4. Das Video zur Vorstellung des Manifestes durch die beiden Initiatorinnen erscheint mir zudem mehr als unglücklich. Es spricht nichts gegen eine "lockere Art" auch bei ernsten Themen. Die Art der Präsentation war aber für mich unangemessen und kann bei den Opfern des Krieges zurecht als Provokation empfunden werden.

5. Auch das Zustandekommen des Aufrufs scheint im Nachhinein unglücklich.
Ich selbst war am 3.2.2023 von Frau Schwarzer mit dem Zusatz angefragt worden, sie wolle etwa zwei Dutzend Gleichgesinnte als Erstunterzeichner gewinnen. Der Text schien mir zwar nicht in allen Punkten richtig justiert, aber bei einem solchen Text geht es immer um eine Konsensfassung, bei der nicht jeder die eigene Handschrift durchsetzen kann.

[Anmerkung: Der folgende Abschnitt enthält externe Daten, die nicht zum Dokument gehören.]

(* Let $[\gamma]\in J$ with $2\le l(M_\gamma)<p$ and $e([\gamma])=0$. Then there exists $[\gamma']\in J$ such that: (1) $l(M_{\gamma'})=l(M_\gamma)+1$; (2) $[\gamma']^{\rho^2}=[\gamma]^{\rho}$; (3) the $G$-fixed submodules coincide: $M_\gamma^G=M_{\gamma'}^G$; (4) if $l(M_\gamma)<p-1$, then $[\gamma']\in J_{p-1}$ and $e([\gamma'])=0$.
   Context: $p$ odd prime; $F$ a field containing a primitive $p$th root of unity $\xi_p$; $K=F(\sqrt[p]{a})$, $a\in F^\times$, cyclic of degree $p$; $G=\mathrm{Gal}(K/F)=\langle\sigma\rangle$ with $\sigma(\sqrt[p]{a})=\xi_p\sqrt[p]{a}$; $\rho=\sigma-1$. $J=K^\times/K^{\times p}$ as a multiplicative $\mathbb{F}_p[G]$-module with exponential action, $[\gamma]$ the class of $\gamma$; $J_i=\ker(\rho^i)$. $M_\gamma$ is the $\mathbb{F}_p[G]$-submodule generated by $[\gamma]$; its length $l(M_\gamma)$ is its $\mathbb{F}_p$-dimension, equivalently the least $i$ with $[\gamma]^{\rho^i}$ trivial. For $[\gamma]\in J_{p-1}$, the index $e([\gamma])\in\mathbb{F}_p$ is defined by $\xi_p^{e([\gamma])}=\sigma(\delta)/\delta$ where $\delta\in K$ is any $p$th root of $N_{K/F}(\gamma)$. *)

theory Defs
  imports "HOL-Computational_Algebra.Primes"
begin

text \<open>The field K is the whole type 'k; F is a subfield of it.\<close>

definition is_subfield :: "'k::field set \<Rightarrow> bool" where
  "is_subfield S \<longleftrightarrow> 0 \<in> S \<and> 1 \<in> S \<and> (\<forall>x\<in>S. \<forall>y\<in>S. x + y \<in> S \<and> x * y \<in> S)
     \<and> (\<forall>x\<in>S. - x \<in> S \<and> inverse x \<in> S)"

definition generated_by :: "'k::field set \<Rightarrow> 'k \<Rightarrow> bool" where
  "generated_by F \<alpha> \<longleftrightarrow> (\<forall>S. is_subfield S \<and> F \<subseteq> S \<and> \<alpha> \<in> S \<longrightarrow> S = UNIV)"

definition field_aut :: "('k::field \<Rightarrow> 'k) \<Rightarrow> bool" where
  "field_aut \<sigma> \<longleftrightarrow> bij \<sigma> \<and> (\<forall>x y. \<sigma> (x + y) = \<sigma> x + \<sigma> y \<and> \<sigma> (x * y) = \<sigma> x * \<sigma> y) \<and> \<sigma> 1 = 1"

definition kummer_setup :: "nat \<Rightarrow> 'k::field set \<Rightarrow> 'k \<Rightarrow> 'k \<Rightarrow> ('k \<Rightarrow> 'k) \<Rightarrow> bool" where
  "kummer_setup p F \<xi> \<alpha> \<sigma> \<longleftrightarrow> prime p \<and> odd p \<and> is_subfield F \<and>
     \<xi> \<in> F \<and> \<xi> ^ p = 1 \<and> \<xi> \<noteq> 1 \<and>
     \<alpha> \<noteq> 0 \<and> \<alpha> ^ p \<in> F \<and> generated_by F \<alpha> \<and>
     field_aut \<sigma> \<and> (\<forall>x\<in>F. \<sigma> x = x) \<and> \<sigma> \<alpha> = \<xi> * \<alpha>"

text \<open>Elements of J = K^x / K^{x p} are represented by nonzero gamma; a class is trivial
  iff its representative is a p-th power.\<close>
definition pth_power :: "nat \<Rightarrow> 'k::field \<Rightarrow> bool" where
  "pth_power p x \<longleftrightarrow> (\<exists>\<beta>. \<beta> \<noteq> 0 \<and> x = \<beta> ^ p)"

definition cls :: "nat \<Rightarrow> 'k::field \<Rightarrow> 'k set" where
  "cls p \<gamma> = {\<gamma> * \<beta> ^ p | \<beta>. \<beta> \<noteq> 0}"

text \<open>Exponential action of rho = sigma - 1.\<close>
definition rho :: "('k::field \<Rightarrow> 'k) \<Rightarrow> 'k \<Rightarrow> 'k" where
  "rho \<sigma> x = \<sigma> x / x"

definition rho_pow :: "('k::field \<Rightarrow> 'k) \<Rightarrow> nat \<Rightarrow> 'k \<Rightarrow> 'k" where
  "rho_pow \<sigma> i x = (rho \<sigma> ^^ i) x"

text \<open>Length l(M_gamma): least i with [gamma]^(rho^i) trivial.\<close>
definition len :: "nat \<Rightarrow> ('k::field \<Rightarrow> 'k) \<Rightarrow> 'k \<Rightarrow> nat" where
  "len p \<sigma> \<gamma> = (LEAST i. pth_power p (rho_pow \<sigma> i \<gamma>))"

text \<open>Membership of [gamma] in J_i = ker(rho^i).\<close>
definition inJ :: "nat \<Rightarrow> ('k::field \<Rightarrow> 'k) \<Rightarrow> nat \<Rightarrow> 'k \<Rightarrow> bool" where
  "inJ p \<sigma> i \<gamma> \<longleftrightarrow> pth_power p (rho_pow \<sigma> i \<gamma>)"

definition normK :: "nat \<Rightarrow> ('k::field \<Rightarrow> 'k) \<Rightarrow> 'k \<Rightarrow> 'k" where
  "normK p \<sigma> \<gamma> = (\<Prod>i<p. (\<sigma> ^^ i) \<gamma>)"

text \<open>Index e([gamma]) in F_p, represented by a natural number below p.\<close>
definition idx :: "nat \<Rightarrow> ('k::field \<Rightarrow> 'k) \<Rightarrow> 'k \<Rightarrow> 'k \<Rightarrow> nat" where
  "idx p \<sigma> \<xi> \<gamma> = (SOME e. e < p \<and> (\<exists>\<delta>. \<delta> ^ p = normK p \<sigma> \<gamma> \<and> \<sigma> \<delta> = \<xi> ^ e * \<delta>))"

text \<open>The F_p[G]-submodule M_gamma generated by [gamma], as a set of classes.\<close>
definition Mgen :: "nat \<Rightarrow> ('k::field \<Rightarrow> 'k) \<Rightarrow> 'k \<Rightarrow> 'k set set" where
  "Mgen p \<sigma> \<gamma> = {cls p (\<Prod>i<p. ((\<sigma> ^^ i) \<gamma>) ^ c i) | c. True}"

definition Mfix :: "nat \<Rightarrow> ('k::field \<Rightarrow> 'k) \<Rightarrow> 'k \<Rightarrow> 'k set set" where
  "Mfix p \<sigma> \<gamma> = {X \<in> Mgen p \<sigma> \<gamma>. \<forall>x\<in>X. pth_power p (rho \<sigma> x)}"

end

(* Since e(\<gamma>) = 0, the norm N(\<gamma>) has a \<sigma>-fixed p-th root \<delta>. Then N(\<delta>/\<gamma>) = 1, and
   Hilbert 90 gives \<gamma>' with \<rho>(\<gamma>') = \<gamma>/\<delta>; as \<delta> is fixed, \<rho>^(k+2)(\<gamma>') = \<rho>^(k+1)(\<gamma>)
   for all k. This shifts the length by one and identifies the fixed parts, because M_x^G is
   generated by the class of \<rho>^(l-1)(x), l = l(M_x). For the index write
   N(x) = \<rho>^(p-1)(x) h(x)^p. If l(M_\<gamma>) < p - 1 then \<rho>^(p-2)(\<gamma>) = c^p, and \<delta> can be taken
   to be \<rho>(c) h(\<gamma>); then c h(\<gamma>') is a \<sigma>-fixed p-th root of N(\<gamma>'), so e(\<gamma>') = 0. *)

theory Submission
  imports Defs "HOL-Computational_Algebra.Polynomial" "HOL-Number_Theory.Cong"
begin

lemma prod_lessThan_rotate:
  fixes f :: "nat \<Rightarrow> 'a::comm_monoid_mult"
  assumes "f n = f 0"
  shows "(\<Prod>i<n. f (Suc i)) = (\<Prod>i<n. f i)"
proof (cases n)
  case (Suc m)
  have "(\<Prod>i<Suc m. f i) = f 0 * (\<Prod>i<m. f (Suc i))" by (rule prod.lessThan_Suc_shift)
  then show ?thesis using assms Suc by (simp add: mult.commute)
qed simp

lemma sum_lessThan_rotate:
  fixes f :: "nat \<Rightarrow> 'a::comm_monoid_add"
  assumes "f n = f 0"
  shows "(\<Sum>i<n. f (Suc i)) = (\<Sum>i<n. f i)"
proof (cases n)
  case (Suc m)
  have "(\<Sum>i<Suc m. f i) = f 0 + (\<Sum>i<m. f (Suc i))" by (rule sum.lessThan_Suc_shift)
  then show ?thesis using assms Suc by (simp add: add.commute)
qed simp

section \<open>Field automorphisms\<close>

lemma field_aut_add: "field_aut f \<Longrightarrow> f (x + y) = f x + f y"
  by (simp add: field_aut_def)

lemma field_aut_mult: "field_aut f \<Longrightarrow> f (x * y) = f x * f y"
  by (simp add: field_aut_def)

lemma field_aut_one: "field_aut f \<Longrightarrow> f 1 = 1"
  by (simp add: field_aut_def)

lemma field_aut_zero: "field_aut f \<Longrightarrow> f 0 = 0"
  using field_aut_add[of f 0 0] by (metis add.right_neutral add_left_cancel)

lemma field_aut_minus: "field_aut f \<Longrightarrow> f (- x) = - f x"
  using field_aut_add[of f x "- x"] field_aut_zero[of f] by (simp add: eq_neg_iff_add_eq_0 add.commute)

lemma field_aut_eq_0_iff: "field_aut f \<Longrightarrow> f x = 0 \<longleftrightarrow> x = 0"
  using field_aut_zero[of f] by (metis bij_is_inj field_aut_def injD)

lemma field_aut_inverse: "field_aut f \<Longrightarrow> f (inverse x) = inverse (f x)"
  using field_aut_mult[of f x "inverse x"] field_aut_one[of f] field_aut_eq_0_iff[of f x]
  by (cases "x = 0") (auto simp: field_aut_zero inverse_unique)

lemma field_aut_divide: "field_aut f \<Longrightarrow> f (x / y) = f x / f y"
  by (simp add: divide_inverse field_aut_mult field_aut_inverse)

lemma field_aut_power: "field_aut f \<Longrightarrow> f (x ^ n) = f x ^ n"
  by (induction n) (simp_all add: field_aut_one field_aut_mult)

lemma field_aut_prod: "field_aut f \<Longrightarrow> f (prod g A) = (\<Prod>i\<in>A. f (g i))"
  by (induction A rule: infinite_finite_induct) (simp_all add: field_aut_one field_aut_mult)

lemma field_aut_sum: "field_aut f \<Longrightarrow> f (sum g A) = (\<Sum>i\<in>A. f (g i))"
  by (induction A rule: infinite_finite_induct) (simp_all add: field_aut_zero field_aut_add)

lemma field_aut_funpow:
  assumes "field_aut f"
  shows "field_aut (f ^^ n)"
proof -
  have "(f ^^ n) (x + y) = (f ^^ n) x + (f ^^ n) y \<and> (f ^^ n) (x * y) = (f ^^ n) x * (f ^^ n) y
      \<and> (f ^^ n) 1 = 1" for x y
    by (induction n) (simp_all add: assms field_aut_add field_aut_mult field_aut_one)
  then show ?thesis
    using assms by (simp add: field_aut_def)
qed

lemma is_subfield_fixed_points:
  assumes "field_aut f"
  shows "is_subfield {x. f x = x}"
  using assms
  by (simp add: is_subfield_def field_aut_zero field_aut_one field_aut_add field_aut_mult
      field_aut_minus field_aut_inverse)

section \<open>Roots of unity of prime order\<close>

locale prime_root_of_unity =
  fixes p :: nat and \<xi> :: "'k::field"
  assumes prime: "prime p" and root: "\<xi> ^ p = 1" and nontrivial: "\<xi> \<noteq> 1"
begin

lemma p_pos: "p > 0"
  using prime by (simp add: prime_gt_0_nat)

Aus diesem Grund bin ich auch eigentlich kein Freund von solchen Aufrufen und hatte bisher auch nur einen (in der Zeit) unterzeichnet, an dem ich inhaltlich mitgestaltet habe und der bewusst nicht als Petition angelegt war, die von anderen unterzeichnet werden konnte.

Am 9.2.2023 kam dann der Hinweis von Frau Schwarzer, dass nun auch Frau Wagenknecht als Initiatorin dabei sei, und am Tag danach solle der Aufruf veröffentlicht werden. Ich habe mich kurz (und vermutlich nicht intensiv genug) gefragt, ob ich meine Unterschrift zurückziehen solle, habe mich dann aber dagegen entschieden. Das Verfahren war aber befremdlich.

Zusammengefasst: Die Intention des Aufrufs findet nach wie vor meine volle Unterstützung. Ich werde weiter bei jeder Gelegenheit Position beziehen und für meine Argumente streiten. Ich halte es aber inzwischen für einen Fehler, dieses Manifest unterstützt haben und will mich hiermit korrigieren.